**What is being asked**
Once you have read the data below, write it all out exactly.

Data records:
Start of Block

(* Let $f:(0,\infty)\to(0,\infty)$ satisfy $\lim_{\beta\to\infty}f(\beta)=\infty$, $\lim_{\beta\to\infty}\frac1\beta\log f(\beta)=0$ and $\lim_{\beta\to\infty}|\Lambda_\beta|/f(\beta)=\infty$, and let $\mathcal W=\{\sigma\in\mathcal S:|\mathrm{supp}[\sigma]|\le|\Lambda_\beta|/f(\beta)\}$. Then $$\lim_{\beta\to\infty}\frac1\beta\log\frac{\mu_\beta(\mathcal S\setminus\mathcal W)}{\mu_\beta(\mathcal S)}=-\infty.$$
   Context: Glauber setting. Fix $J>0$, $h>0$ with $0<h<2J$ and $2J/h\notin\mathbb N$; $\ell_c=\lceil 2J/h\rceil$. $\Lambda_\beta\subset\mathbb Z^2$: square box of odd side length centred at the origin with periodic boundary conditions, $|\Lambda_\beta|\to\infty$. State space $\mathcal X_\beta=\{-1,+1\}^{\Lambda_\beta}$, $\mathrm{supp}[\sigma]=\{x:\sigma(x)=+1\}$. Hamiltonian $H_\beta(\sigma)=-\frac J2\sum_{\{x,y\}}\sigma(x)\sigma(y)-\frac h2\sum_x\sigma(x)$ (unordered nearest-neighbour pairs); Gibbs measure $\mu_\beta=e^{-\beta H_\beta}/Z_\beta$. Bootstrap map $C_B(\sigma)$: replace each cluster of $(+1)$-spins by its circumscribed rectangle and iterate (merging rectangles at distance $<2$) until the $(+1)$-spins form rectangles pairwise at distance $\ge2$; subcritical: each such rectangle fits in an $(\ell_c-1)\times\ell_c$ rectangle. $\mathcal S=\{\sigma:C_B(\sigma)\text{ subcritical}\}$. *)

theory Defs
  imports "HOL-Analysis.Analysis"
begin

End of Block

**Output for this task**
(* Let $f:(0,\infty)\to(0,\infty)$ satisfy $\lim_{\beta\to\infty}f(\beta)=\infty$, $\lim_{\beta\to\infty}\frac1\beta\log f(\beta)=0$ and $\lim_{\beta\to\infty}|\Lambda_\beta|/f(\beta)=\infty$, and let $\mathcal W=\{\sigma\in\mathcal S:|\mathrm{supp}[\sigma]|\le|\Lambda_\beta|/f(\beta)\}$. Then $$\lim_{\beta\to\infty}\frac1\beta\log\frac{\mu_\beta(\mathcal S\setminus\mathcal W)}{\mu_\beta(\mathcal S)}=-\infty.$$
   Context: Glauber setting. Fix $J>0$, $h>0$ with $0<h<2J$ and $2J/h\notin\mathbb N$; $\ell_c=\lceil 2J/h\rceil$. $\Lambda_\beta\subset\mathbb Z^2$: square box of odd side length centred at the origin with periodic boundary conditions, $|\Lambda_\beta|\to\infty$. State space $\mathcal X_\beta=\{-1,+1\}^{\Lambda_\beta}$, $\mathrm{supp}[\sigma]=\{x:\sigma(x)=+1\}$. Hamiltonian $H_\beta(\sigma)=-\frac J2\sum_{\{x,y\}}\sigma(x)\sigma(y)-\frac h2\sum_x\sigma(x)$ (unordered nearest-neighbour pairs); Gibbs measure $\mu_\beta=e^{-\beta H_\beta}/Z_\beta$. Bootstrap map $C_B(\sigma)$: replace each cluster of $(+1)$-spins by its circumscribed rectangle and iterate (merging rectangles at distance $<2$) until the $(+1)$-spins form rectangles pairwise at distance $\ge2$; subcritical: each such rectangle fits in an $(\ell_c-1)\times\ell_c$ rectangle. $\mathcal S=\{\sigma:C_B(\sigma)\text{ subcritical}\}$. *)

theory Defs
  imports "HOL-Analysis.Analysis"
begin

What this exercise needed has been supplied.